PROBLEM DESCRIPTION => Below are records; how many of their lines contain "imports"? Reply with the number and no other words.

RECORDED DATA =>

(* Let $k\ge 2$ be an integer and $\epsilon>0$. Suppose $h=h(X)$ satisfies $1\le h\le (\log X)^{k\log k-k+1-\epsilon}$. Then for every $\eta>0$, for all sufficiently large $X$, the number of integers $x\in[X,2X]$ with $$\sum_{x<n\le x+h}d_k(n)>\eta\, h(\log x)^{k-1}$$ is at most $\eta X$; that is, $\sum_{x<n\le x+h}d_k(n)=o(h(\log x)^{k-1})$ for all but $o(X)$ integers $x\in[X,2X]$.
   Context: For an integer $k\ge1$, $d_k(n)=\#\{(n_1,\dots,n_k)\in\mathbb N^k: n_1n_2\cdots n_k=n\}$ is the $k$-fold divisor function. *)

theory Defs
  imports Complex_Main
begin

definition divisor_k :: "nat \<Rightarrow> nat \<Rightarrow> nat" where
  "divisor_k k n = card {xs :: nat list. length xs = k \<and> (\<forall>a\<in>set xs. 0 < a) \<and> prod_list xs = n}"

end

theory Submission
  imports Defs "HOL-Computational_Algebra.Primes" "HOL-Library.FuncSet" "HOL-Real_Asymp.Real_Asymp"
begin

text \<open>
  Let \<open>c(j)\<close> be the number of weak compositions of \<open>j\<close> into \<open>k\<close> parts and
  \<open>A(n) = \<Prod>\<^sub>p c(v\<^sub>p(n))\<close>, so that \<open>d\<^sub>k(n) \<le> A(n)\<close>. Fix a threshold \<open>T\<close> and an
  exponent \<open>0 < s < 1\<close> (Rankin's trick). If some \<open>n\<close> in \<open>(x, x + h]\<close> has \<open>A(n) \<ge> T\<close>,
  then \<open>(A(n) / T)^s \<ge> 1\<close>; otherwise \<open>d\<^sub>k(n) \<le> A(n)^s T^(1 - s)\<close> throughout the
  interval. Summing over \<open>x\<close>, the number of exceptional \<open>x \<in> [X, 2X]\<close> is at most
  \<open>(h T^(-s) + T^(1 - s) / (\<eta> (log X)^(k - 1))) \<Sum>\<^sub>n\<^sub>\<le>\<^sub>3\<^sub>X A(n)^s\<close>.
  The multiplicative function \<open>A^s\<close> equals \<open>k^s\<close> at the primes, so the Hall--Tenenbaum
  inequality and an Euler product bound (which need only Chebyshev- and Mertens-type
  estimates) give \<open>\<Sum>\<^sub>n\<^sub>\<le>\<^sub>N A(n)^s = O(N (log N)^(k^s - 1))\<close>. With \<open>T = (log X)^\<tau>\<close>,
  \<open>\<tau> = k log k - \<epsilon>/2\<close> and \<open>s = 1 - \<delta>\<close> for a small \<open>\<delta>\<close>, both terms become negative
  powers of \<open>log X\<close>, because \<open>k^(1 - \<delta>) = k - \<delta> k log k + O(\<delta>\<^sup>2)\<close>.
\<close>

section \<open>Weak compositions and the divisor function\<close>

definition weak_compositions :: "nat \<Rightarrow> nat \<Rightarrow> nat" where
  "weak_compositions k j = card {ys::nat list. length ys = k \<and> sum_list ys = j}"

lemma finite_weak_compositions: "finite {ys::nat list. length ys = k \<and> sum_list ys = j}"
proof (rule finite_subset[OF _ finite_lists_length_eq[of "{0..j}" k]])
  show "{ys::nat list. length ys = k \<and> sum_list ys = j} \<subseteq> {xs. set xs \<subseteq> {0..j} \<and> length xs = k}"
    using member_le_sum_list by fastforce
qed simp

RESULT FOR THIS EXERCISE => 2